Copy exactly, please, the lines of the data from its start through the line containing "proof (rule ESS_of_threshold)".

Records for the task: Begin

lemma ESS_firm_zero_determinant:
  assumes ok: "\<forall>j\<in>I. memvec_ok (fst (\<sigma> j))" and "istar \<in> I"
    and zd: "nonexc_ZD_abar R P (fst (\<sigma> istar)) abar" "abar < 0" and "firm (fst (\<sigma> istar))"
    and mutants: "\<forall>j\<in>I. j \<noteq> istar \<longrightarrow> \<not> firm (fst (\<sigma> j))"
    and P: "0 < P" "P < 1/2" "P < R"
  shows "ESS I (\<lambda>i j. avg_payoff R P (\<sigma> i) (\<sigma> j)) istar"
proof (rule ESS_of_threshold)
  have ok_istar: "memvec_ok (fst (\<sigma> istar))"
    using ok \<open>istar \<in> I\<close> by blast
  have DD: "fst (\<sigma> istar) DD = 0"
    using \<open>firm (fst (\<sigma> istar))\<close> by (simp add: firm_def)
  obtain \<alpha> \<beta> \<gamma> where
    coeffs: "\<And>s. press_dyson (fst (\<sigma> istar)) s = \<alpha> * S_X R P s + \<beta> * S_Y R P s + \<gamma>"
    and "0 < \<gamma>" "\<alpha> < 0"
    using nonexc_ZD_abar_neg_coeffs[OF zd] by blast
  show "avg_payoff R P (\<sigma> j) (\<sigma> istar) < P" if "j \<in> I" "j \<noteq> istar" for j
    using avg_payoff_lt_P_vs_firm_zero_determinant[OF _ ok_istar coeffs DD \<open>0 < \<gamma>\<close> \<open>\<alpha> < 0\<close> _ P] ok mutants that
    by blast
  show "P \<le> avg_payoff R P (\<sigma> istar) (\<sigma> istar)"
    using avg_payoff_self_firm_zero_determinant[OF ok_istar coeffs DD \<open>0 < \<gamma>\<close> \<open>\<alpha> < 0\<close> P(1,2)] by simp
qed

theorem theorem4p9:
  fixes R P :: real and I :: "'i set" and \<sigma> :: "'i \<Rightarrow> strategy" and istar :: 'i
  assumes payoffs: "0 < P" "P < R" "R < 1" "2 * R > 1"
    and finI: "finite I" and istarI: "istar \<in> I"
    and valid: "\<forall>j\<in>I. memvec_ok (fst (\<sigma> j))"
  shows
    "((\<exists>p1 p2. fst (\<sigma> istar) CC = p1 \<and> fst (\<sigma> istar) CD = p2 \<and>
              fst (\<sigma> istar) DC = 0 \<and> fst (\<sigma> istar) DD = 0 \<and> p1 < 1 \<and> p2 < 1)
       \<and> (\<forall>j\<in>I. j \<noteq> istar \<longrightarrow> \<not> firm (fst (\<sigma> j)))
       \<longrightarrow> ESS I (\<lambda>i j. avg_payoff R P (\<sigma> i) (\<sigma> j)) istar)
   \<and> ((\<exists>p2. fst (\<sigma> istar) CC = 1 \<and> fst (\<sigma> istar) CD = p2 \<and>
              fst (\<sigma> istar) DC = 0 \<and> fst (\<sigma> istar) DD = 0 \<and> p2 < 1)
       \<and> (\<forall>j\<in>I. j \<noteq> istar \<longrightarrow> \<not> agreeable (fst (\<sigma> j)) \<and> \<not> firm (fst (\<sigma> j)))
       \<longrightarrow> ESS I (\<lambda>i j. avg_payoff R P (\<sigma> i) (\<sigma> j)) istar)
   \<and> (P < 1/2 \<and> firm (fst (\<sigma> istar))
       \<and> (\<exists>abar. nonexc_ZD_abar R P (fst (\<sigma> istar)) abar \<and> abar < 0)
       \<and> (\<forall>j\<in>I. j \<noteq> istar \<longrightarrow> \<not> firm (fst (\<sigma> j)))
       \<longrightarrow> ESS I (\<lambda>i j. avg_payoff R P (\<sigma> i) (\<sigma> j)) istar)"
  using ESS_sticky_defector[OF valid istarI] ESS_agreeable_sticky_defector[OF valid istarI] ESS_firm_zero_determinant[OF valid istarI] payoffs(1,2)
  by blast

end
lemma
  fixes w :: "'a::euclidean_space"
  shows integrable_std_gauss_inner_power2: "integrable std_gauss (\<lambda>u::'a. (u \<bullet> w)\<^sup>2)"
    and integral_std_gauss_inner_power2: "(\<integral>u. (u \<bullet> w)\<^sup>2 \<partial>(std_gauss::'a measure)) = (norm w)\<^sup>2"
proof -
  have expand: "(u \<bullet> w)\<^sup>2 = (\<Sum>b\<in>Basis. \<Sum>c\<in>Basis. ((w \<bullet> b) * (w \<bullet> c)) * ((u \<bullet> b) * (u \<bullet> c)))"
    for u :: 'a
    by (simp add: euclidean_inner[of u w] power2_eq_square sum_product ac_simps)
  have int: "integrable std_gauss (\<lambda>u::'a. ((w \<bullet> b) * (w \<bullet> c)) * ((u \<bullet> b) * (u \<bullet> c)))"
    if "b \<in> Basis" "c \<in> Basis" for b c
    using integrable_std_gauss_inner_Basis[OF that] by simp
  show "integrable std_gauss (\<lambda>u::'a. (u \<bullet> w)\<^sup>2)"
    unfolding expand by (intro Bochner_Integration.integrable_sum int)
  have inner: "(\<integral>u. (\<Sum>c\<in>Basis. ((w \<bullet> b) * (w \<bullet> c)) * ((u \<bullet> b) * (u \<bullet> c))) \<partial>std_gauss)
      = (\<Sum>c\<in>Basis. (w \<bullet> b) * (w \<bullet> c) * (if b = c then 1 else 0))" if "b \<in> Basis" for b
    using that
    by (subst Bochner_Integration.integral_sum) (auto intro!: sum.cong
        simp: integrable_std_gauss_inner_Basis integral_std_gauss_inner_Basis)
  have "(\<integral>u. (u \<bullet> w)\<^sup>2 \<partial>(std_gauss::'a measure))
      = (\<Sum>b\<in>Basis. \<Sum>c\<in>Basis. (w \<bullet> b) * (w \<bullet> c) * (if b = c then 1 else 0))"
    unfolding expand
    by (subst Bochner_Integration.integral_sum) (auto intro!: Bochner_Integration.integrable_sum int sum.cong simp: inner)
  also have "\<dots> = (norm w)\<^sup>2"
    unfolding norm_power2_eq_sum_Basis by (simp add: power2_eq_square if_distrib cong: if_cong)
  finally show "(\<integral>u. (u \<bullet> w)\<^sup>2 \<partial>(std_gauss::'a measure)) = (norm w)\<^sup>2" .
qed

lemma
  shows integrable_std_gauss_norm_power2: "integrable std_gauss (\<lambda>u::'a::euclidean_space. (norm u)\<^sup>2)"
    and integral_std_gauss_norm_power2: "(\<integral>u. (norm u)\<^sup>2 \<partial>(std_gauss::'a measure)) = real DIM('a)"
  unfolding norm_power2_eq_sum_Basis
  by (simp_all add: Bochner_Integration.integral_sum integrable_std_gauss_inner_power2
      integral_std_gauss_inner_power2)

lemma abs_le_power2_div_add:
  fixes z n :: real
  assumes "0 < n"
  shows "\<bar>z\<bar> \<le> (z\<^sup>2 / n + n) / 2"
proof -
  have "2 * \<bar>z\<bar> * n \<le> z\<^sup>2 + n\<^sup>2"
    using sum_squares_bound[of "\<bar>z\<bar>" n] by (simp add: power2_eq_square)
  with assms show ?thesis by (simp add: field_simps power2_eq_square)
qed
lemma sperm_eq_iff: "x \<in> sperm n \<Longrightarrow> x a = x b \<longleftrightarrow> a = b"
  using sperm_inj by (metis injD)

lemma sperm_comp: "x \<in> sperm n \<Longrightarrow> y \<in> sperm n \<Longrightarrow> x \<circ> y \<in> sperm n"
  by (simp add: sperm_def permutes_compose)

lemma sperm_comp_transpose:
  "x \<in> sperm n \<Longrightarrow> i \<in> {1..n} \<Longrightarrow> j \<in> {1..n} \<Longrightarrow> x \<circ> tr i j \<in> sperm n"
  by (simp add: sperm_def permutes_compose permutes_swap_id)

lemma comp_transpose_twice: "x \<circ> tr i j \<circ> tr i j = x"
  by (simp add: comp_assoc)

lemma s_apply: "s r k = (if k = r then Suc r else if k = Suc r then r else k)"
  by (simp add: s_def transpose_def)

lemma s_involutory [simp]: "s r (s r k) = k"
  by (simp add: s_def)

lemma s_sperm: "1 \<le> r \<Longrightarrow> r < n \<Longrightarrow> s r \<in> sperm n"
  by (simp add: sperm_def s_def permutes_swap_id)

lemma comp_s_comp_transpose: "x \<circ> s r \<circ> tr (s r i) (s r j) = x \<circ> tr i j \<circ> s r"
proof -
  have "tr i j \<circ> s r = s r \<circ> tr (inv (s r) i) (inv (s r) j)"
    by (rule transpose_comp_eq) (simp add: s_def)
  then show ?thesis by (simp add: s_def comp_assoc)
qed

definition inversions :: "nat \<Rightarrow> (nat \<Rightarrow> nat) \<Rightarrow> (nat \<times> nat) set" where
  "inversions n x = {(i, j). 1 \<le> i \<and> i < j \<and> j \<le> n \<and> x j < x i}"

lemma len_eq_card_inversions: "len n x = card (inversions n x)"
  by (simp add: len_def inversions_def)

lemma finite_inversions: "finite (inversions n x)"
  by (rule finite_subset[of _ "{1..n} \<times> {1..n}"]) (auto simp: inversions_def)

lemma len_id: "len n id = 0"
proof -
  have "inversions n id = {}" by (auto simp: inversions_def)
  then show ?thesis by (simp add: len_eq_card_inversions)
qed

text \<open>This map injects the inversions of x into those of x \<circ> (i j) other than (i, j), and
  conversely when no x k with i < k < j lies strictly between x i and x j.\<close>

definition pair_transpose :: "nat \<Rightarrow> nat \<Rightarrow> nat \<times> nat \<Rightarrow> nat \<times> nat" where
  "pair_transpose i j p =
     (if fst p < i \<or> j < snd p then (tr i j (fst p), tr i j (snd p)) else p)"

lemma inj_pair_transpose: "i < j \<Longrightarrow> inj_on (pair_transpose i j) A"
  unfolding pair_transpose_def inj_on_def by (auto simp: transpose_def split: if_splits)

Records for the task: End

Answer to this task
lemma ESS_firm_zero_determinant:
  assumes ok: "\<forall>j\<in>I. memvec_ok (fst (\<sigma> j))" and "istar \<in> I"
    and zd: "nonexc_ZD_abar R P (fst (\<sigma> istar)) abar" "abar < 0" and "firm (fst (\<sigma> istar))"
    and mutants: "\<forall>j\<in>I. j \<noteq> istar \<longrightarrow> \<not> firm (fst (\<sigma> j))"
    and P: "0 < P" "P < 1/2" "P < R"
  shows "ESS I (\<lambda>i j. avg_payoff R P (\<sigma> i) (\<sigma> j)) istar"
proof (rule ESS_of_threshold)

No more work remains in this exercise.